= Beginning of Section =
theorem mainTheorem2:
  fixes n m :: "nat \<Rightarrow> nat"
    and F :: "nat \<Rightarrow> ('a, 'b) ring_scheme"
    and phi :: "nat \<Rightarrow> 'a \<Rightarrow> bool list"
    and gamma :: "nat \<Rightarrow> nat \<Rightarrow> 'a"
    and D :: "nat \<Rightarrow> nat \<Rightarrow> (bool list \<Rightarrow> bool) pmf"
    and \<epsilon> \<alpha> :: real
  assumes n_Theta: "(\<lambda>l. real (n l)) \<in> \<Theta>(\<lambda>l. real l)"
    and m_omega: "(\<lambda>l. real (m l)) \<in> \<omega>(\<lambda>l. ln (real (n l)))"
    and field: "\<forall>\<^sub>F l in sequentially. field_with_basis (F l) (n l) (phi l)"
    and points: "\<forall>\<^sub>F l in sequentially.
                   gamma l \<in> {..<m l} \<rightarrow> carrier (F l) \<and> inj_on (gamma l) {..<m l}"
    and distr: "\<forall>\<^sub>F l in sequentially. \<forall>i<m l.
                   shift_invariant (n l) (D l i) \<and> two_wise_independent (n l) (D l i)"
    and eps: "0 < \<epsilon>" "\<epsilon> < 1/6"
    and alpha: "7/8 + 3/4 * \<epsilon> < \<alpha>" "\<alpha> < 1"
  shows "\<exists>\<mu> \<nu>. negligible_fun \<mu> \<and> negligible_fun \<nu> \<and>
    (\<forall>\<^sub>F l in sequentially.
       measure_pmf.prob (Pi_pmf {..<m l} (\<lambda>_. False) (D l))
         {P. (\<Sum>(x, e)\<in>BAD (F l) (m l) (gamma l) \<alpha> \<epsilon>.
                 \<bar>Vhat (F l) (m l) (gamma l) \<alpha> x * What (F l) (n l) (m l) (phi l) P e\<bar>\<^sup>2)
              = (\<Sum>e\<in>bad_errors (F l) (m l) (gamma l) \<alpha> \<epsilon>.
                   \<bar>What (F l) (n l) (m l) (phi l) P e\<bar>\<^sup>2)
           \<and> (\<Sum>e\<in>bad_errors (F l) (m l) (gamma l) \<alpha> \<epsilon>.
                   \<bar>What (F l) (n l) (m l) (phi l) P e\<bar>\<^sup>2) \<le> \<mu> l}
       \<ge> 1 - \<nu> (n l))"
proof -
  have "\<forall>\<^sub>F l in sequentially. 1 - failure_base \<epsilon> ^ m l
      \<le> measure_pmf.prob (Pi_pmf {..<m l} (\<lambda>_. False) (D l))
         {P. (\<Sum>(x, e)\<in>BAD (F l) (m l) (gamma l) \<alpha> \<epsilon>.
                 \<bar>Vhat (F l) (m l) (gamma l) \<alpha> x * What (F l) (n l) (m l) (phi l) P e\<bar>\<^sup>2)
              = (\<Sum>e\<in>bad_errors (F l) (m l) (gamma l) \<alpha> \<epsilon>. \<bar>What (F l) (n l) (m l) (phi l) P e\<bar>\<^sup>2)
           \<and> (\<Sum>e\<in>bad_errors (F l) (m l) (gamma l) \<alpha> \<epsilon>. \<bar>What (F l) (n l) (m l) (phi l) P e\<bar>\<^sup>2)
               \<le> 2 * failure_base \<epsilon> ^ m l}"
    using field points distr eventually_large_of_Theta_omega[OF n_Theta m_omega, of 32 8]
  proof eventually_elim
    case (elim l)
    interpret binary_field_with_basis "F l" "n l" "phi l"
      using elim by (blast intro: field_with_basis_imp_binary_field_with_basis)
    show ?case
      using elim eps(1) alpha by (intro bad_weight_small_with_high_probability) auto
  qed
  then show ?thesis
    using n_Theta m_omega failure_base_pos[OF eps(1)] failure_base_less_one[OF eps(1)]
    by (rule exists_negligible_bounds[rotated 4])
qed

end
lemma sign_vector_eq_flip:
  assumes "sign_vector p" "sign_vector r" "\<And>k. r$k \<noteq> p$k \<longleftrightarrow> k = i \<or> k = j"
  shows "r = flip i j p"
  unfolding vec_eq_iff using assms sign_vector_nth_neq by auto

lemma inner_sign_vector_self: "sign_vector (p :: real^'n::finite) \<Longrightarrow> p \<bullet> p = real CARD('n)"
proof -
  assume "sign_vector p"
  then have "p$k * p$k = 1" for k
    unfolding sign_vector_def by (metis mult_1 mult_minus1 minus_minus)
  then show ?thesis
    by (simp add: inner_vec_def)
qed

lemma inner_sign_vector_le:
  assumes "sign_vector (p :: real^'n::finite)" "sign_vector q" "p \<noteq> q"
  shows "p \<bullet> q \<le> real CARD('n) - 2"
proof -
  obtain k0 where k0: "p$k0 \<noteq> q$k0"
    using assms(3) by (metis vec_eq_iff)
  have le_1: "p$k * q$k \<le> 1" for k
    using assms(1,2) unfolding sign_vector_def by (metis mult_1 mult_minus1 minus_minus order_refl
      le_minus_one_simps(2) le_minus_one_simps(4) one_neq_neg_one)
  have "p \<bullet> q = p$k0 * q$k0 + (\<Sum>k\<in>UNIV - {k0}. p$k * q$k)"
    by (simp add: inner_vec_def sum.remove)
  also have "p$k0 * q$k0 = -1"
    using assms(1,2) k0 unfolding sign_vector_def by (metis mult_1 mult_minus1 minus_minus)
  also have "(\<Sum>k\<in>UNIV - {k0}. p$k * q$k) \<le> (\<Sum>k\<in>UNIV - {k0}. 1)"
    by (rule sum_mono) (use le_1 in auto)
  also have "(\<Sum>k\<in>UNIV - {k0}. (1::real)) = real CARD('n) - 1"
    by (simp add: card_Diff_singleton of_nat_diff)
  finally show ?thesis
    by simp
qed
= End of Section =
= Beginning of Section =
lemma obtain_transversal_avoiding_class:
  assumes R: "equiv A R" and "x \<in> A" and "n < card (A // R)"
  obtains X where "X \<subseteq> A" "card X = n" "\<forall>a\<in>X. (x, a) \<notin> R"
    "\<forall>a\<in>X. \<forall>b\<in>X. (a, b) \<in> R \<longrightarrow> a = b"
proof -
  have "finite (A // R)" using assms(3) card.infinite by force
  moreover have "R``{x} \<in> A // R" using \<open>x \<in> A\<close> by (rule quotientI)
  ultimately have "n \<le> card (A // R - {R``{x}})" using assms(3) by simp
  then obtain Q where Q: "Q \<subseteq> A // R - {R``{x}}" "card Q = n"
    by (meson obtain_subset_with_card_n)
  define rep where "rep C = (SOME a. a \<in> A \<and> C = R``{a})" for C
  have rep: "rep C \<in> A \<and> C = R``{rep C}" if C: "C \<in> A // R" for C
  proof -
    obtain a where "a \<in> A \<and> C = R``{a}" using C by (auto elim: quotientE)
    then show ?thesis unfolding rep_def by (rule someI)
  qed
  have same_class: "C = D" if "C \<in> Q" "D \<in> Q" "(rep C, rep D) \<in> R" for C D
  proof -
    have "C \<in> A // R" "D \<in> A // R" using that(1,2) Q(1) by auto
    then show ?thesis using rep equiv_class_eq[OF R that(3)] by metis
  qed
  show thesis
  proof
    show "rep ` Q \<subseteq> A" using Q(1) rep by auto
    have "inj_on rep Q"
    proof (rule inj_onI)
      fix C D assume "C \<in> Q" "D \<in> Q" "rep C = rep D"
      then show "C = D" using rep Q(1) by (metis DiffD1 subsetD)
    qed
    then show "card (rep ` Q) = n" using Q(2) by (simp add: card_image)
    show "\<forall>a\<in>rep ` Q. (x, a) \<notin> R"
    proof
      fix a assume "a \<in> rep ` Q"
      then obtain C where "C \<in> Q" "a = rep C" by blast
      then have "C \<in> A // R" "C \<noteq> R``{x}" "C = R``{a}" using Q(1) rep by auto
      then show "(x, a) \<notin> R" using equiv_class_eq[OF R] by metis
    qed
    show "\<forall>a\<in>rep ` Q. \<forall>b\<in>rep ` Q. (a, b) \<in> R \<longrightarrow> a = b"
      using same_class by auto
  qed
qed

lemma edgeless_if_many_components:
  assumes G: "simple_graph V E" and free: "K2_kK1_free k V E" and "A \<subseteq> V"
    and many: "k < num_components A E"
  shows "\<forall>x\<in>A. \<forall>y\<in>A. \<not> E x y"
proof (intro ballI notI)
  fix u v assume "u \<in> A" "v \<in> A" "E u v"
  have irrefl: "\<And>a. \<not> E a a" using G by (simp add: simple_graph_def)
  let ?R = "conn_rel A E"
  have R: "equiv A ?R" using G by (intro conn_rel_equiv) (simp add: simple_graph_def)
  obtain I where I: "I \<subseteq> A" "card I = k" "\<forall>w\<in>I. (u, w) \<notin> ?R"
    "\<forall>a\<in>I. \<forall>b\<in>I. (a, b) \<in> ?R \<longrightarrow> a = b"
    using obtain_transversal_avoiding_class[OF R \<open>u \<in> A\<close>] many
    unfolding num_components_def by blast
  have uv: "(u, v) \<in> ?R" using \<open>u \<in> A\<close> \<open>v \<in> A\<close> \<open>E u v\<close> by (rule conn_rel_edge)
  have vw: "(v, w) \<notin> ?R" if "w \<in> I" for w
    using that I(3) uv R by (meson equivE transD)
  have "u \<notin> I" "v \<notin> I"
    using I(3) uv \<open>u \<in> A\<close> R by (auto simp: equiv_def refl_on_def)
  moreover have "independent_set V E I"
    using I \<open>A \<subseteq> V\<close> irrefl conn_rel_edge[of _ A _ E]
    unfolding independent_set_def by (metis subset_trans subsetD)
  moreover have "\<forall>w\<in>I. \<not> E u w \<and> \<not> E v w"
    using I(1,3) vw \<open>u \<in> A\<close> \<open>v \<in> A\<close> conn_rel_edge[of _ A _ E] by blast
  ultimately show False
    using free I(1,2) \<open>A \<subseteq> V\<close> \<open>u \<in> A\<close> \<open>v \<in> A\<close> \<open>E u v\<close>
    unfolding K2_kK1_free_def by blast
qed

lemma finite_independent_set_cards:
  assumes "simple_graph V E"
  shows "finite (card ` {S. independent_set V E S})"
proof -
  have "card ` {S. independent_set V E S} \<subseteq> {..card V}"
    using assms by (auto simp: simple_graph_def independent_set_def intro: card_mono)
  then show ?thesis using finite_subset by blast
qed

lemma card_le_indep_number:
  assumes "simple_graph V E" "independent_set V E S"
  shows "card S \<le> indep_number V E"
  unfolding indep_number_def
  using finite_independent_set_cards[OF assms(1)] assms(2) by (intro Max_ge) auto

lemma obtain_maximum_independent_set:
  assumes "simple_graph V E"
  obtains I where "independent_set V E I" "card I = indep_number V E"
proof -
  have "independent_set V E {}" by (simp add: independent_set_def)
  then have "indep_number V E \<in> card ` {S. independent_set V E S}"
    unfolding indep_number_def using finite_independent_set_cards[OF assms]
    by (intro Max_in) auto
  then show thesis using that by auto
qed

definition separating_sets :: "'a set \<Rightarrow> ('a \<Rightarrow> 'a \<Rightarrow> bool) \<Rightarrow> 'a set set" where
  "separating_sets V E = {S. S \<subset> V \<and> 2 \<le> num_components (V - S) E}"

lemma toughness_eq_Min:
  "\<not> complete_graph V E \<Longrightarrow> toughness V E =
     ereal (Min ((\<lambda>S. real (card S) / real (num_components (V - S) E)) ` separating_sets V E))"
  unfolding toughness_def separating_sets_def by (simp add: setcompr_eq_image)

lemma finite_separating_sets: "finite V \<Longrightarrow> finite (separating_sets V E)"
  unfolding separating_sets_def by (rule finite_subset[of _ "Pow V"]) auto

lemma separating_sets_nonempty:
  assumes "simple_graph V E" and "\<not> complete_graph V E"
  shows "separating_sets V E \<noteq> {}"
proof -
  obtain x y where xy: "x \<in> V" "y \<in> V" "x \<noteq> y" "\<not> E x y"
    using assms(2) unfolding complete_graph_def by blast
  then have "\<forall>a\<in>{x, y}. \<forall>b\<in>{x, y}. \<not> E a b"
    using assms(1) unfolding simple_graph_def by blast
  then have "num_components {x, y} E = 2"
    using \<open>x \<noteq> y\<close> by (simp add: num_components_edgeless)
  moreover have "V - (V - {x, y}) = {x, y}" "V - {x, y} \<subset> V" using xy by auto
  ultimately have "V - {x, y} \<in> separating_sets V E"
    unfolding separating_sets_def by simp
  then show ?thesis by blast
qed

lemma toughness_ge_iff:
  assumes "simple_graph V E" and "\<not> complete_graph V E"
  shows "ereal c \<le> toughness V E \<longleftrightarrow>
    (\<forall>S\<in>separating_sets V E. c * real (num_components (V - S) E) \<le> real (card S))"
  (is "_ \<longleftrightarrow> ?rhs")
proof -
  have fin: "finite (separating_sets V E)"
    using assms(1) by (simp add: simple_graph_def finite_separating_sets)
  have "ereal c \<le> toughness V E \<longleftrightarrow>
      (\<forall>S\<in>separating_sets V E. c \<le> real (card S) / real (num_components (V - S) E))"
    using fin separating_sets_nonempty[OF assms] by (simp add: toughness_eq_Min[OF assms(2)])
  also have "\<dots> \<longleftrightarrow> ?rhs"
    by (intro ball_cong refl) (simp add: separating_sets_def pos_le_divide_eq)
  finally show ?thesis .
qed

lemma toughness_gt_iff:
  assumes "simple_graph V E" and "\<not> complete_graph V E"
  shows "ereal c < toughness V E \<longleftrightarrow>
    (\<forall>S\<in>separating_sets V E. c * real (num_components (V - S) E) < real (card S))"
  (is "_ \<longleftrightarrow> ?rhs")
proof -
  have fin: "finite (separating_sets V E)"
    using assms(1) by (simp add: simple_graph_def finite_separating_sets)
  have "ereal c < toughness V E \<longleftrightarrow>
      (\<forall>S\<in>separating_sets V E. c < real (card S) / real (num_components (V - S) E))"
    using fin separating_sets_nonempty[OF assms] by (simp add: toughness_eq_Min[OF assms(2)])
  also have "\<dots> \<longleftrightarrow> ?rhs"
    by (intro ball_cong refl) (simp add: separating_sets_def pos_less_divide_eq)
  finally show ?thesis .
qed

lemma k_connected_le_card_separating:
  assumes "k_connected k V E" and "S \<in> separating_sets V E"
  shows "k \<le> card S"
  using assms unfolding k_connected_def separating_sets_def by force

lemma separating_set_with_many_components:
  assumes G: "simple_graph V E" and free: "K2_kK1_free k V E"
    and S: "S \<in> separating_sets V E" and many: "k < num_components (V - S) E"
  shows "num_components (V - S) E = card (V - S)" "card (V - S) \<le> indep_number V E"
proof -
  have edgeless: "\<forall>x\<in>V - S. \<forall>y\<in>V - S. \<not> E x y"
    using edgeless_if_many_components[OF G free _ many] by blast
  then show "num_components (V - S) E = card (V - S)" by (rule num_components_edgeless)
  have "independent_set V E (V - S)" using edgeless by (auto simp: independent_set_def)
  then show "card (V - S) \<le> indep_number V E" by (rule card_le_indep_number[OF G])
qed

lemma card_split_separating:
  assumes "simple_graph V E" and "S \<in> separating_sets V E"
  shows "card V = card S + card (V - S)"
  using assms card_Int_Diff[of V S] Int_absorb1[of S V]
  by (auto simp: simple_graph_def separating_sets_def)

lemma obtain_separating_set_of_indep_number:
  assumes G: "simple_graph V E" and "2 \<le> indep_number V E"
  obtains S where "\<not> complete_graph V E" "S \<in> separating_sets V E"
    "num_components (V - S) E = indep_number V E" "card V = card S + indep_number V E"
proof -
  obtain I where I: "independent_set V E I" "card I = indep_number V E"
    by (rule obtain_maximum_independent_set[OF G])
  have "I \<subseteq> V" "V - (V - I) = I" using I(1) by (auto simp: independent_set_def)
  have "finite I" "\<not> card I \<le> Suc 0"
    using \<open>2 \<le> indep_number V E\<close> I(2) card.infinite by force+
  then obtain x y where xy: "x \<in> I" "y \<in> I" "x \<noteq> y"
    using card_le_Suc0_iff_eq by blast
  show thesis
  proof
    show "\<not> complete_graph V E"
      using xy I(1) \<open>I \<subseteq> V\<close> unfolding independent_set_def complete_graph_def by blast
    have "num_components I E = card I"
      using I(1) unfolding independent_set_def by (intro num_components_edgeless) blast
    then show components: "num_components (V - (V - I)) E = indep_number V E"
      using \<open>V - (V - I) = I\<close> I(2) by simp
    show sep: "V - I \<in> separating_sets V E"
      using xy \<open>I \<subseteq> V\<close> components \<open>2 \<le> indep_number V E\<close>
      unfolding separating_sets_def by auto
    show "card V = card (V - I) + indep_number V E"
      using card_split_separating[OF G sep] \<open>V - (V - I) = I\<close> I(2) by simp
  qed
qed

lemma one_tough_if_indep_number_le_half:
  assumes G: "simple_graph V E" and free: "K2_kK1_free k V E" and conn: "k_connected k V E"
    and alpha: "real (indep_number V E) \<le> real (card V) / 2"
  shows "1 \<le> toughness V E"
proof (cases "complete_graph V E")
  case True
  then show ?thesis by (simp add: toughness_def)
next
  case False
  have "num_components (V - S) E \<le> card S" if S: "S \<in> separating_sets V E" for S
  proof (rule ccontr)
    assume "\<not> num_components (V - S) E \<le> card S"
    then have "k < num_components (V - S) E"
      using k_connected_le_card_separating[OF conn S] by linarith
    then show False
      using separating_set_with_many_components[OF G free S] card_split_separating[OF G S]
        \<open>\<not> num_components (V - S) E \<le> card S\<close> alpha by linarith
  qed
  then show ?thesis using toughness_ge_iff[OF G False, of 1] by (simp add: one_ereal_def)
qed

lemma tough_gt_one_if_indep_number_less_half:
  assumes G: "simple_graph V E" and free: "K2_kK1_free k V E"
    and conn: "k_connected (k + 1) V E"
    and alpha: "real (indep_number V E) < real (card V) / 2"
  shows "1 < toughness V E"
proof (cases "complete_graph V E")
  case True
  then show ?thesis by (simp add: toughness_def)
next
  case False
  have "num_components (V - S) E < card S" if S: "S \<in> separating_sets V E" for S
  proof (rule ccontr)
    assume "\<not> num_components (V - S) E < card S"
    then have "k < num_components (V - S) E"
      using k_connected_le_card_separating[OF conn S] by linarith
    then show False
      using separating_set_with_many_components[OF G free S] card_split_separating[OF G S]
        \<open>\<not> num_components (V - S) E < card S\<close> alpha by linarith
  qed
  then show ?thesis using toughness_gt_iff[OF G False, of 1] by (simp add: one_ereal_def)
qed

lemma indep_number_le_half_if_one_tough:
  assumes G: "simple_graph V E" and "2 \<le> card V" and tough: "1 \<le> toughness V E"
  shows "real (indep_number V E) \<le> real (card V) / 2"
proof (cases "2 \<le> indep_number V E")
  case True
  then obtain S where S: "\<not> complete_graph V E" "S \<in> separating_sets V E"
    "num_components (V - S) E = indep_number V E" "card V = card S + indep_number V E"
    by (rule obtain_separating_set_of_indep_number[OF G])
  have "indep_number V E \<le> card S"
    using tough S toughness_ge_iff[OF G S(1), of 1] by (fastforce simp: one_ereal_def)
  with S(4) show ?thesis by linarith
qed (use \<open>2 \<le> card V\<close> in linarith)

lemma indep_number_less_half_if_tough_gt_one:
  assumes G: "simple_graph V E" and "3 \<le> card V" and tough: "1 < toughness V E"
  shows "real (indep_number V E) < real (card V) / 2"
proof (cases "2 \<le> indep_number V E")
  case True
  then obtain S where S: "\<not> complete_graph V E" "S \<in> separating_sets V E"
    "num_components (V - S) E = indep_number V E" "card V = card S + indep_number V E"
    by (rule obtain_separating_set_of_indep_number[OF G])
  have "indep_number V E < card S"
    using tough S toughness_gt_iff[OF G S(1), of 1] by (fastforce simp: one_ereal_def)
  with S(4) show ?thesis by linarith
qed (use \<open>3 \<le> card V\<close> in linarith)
= End of Section =
Assignment> Search the entries above for the string "bool". Copy each line in which it appears.

Solution to this exercise>
    and phi :: "nat \<Rightarrow> 'a \<Rightarrow> bool list"
    and D :: "nat \<Rightarrow> nat \<Rightarrow> (bool list \<Rightarrow> bool) pmf"
definition separating_sets :: "'a set \<Rightarrow> ('a \<Rightarrow> 'a \<Rightarrow> bool) \<Rightarrow> 'a set set" where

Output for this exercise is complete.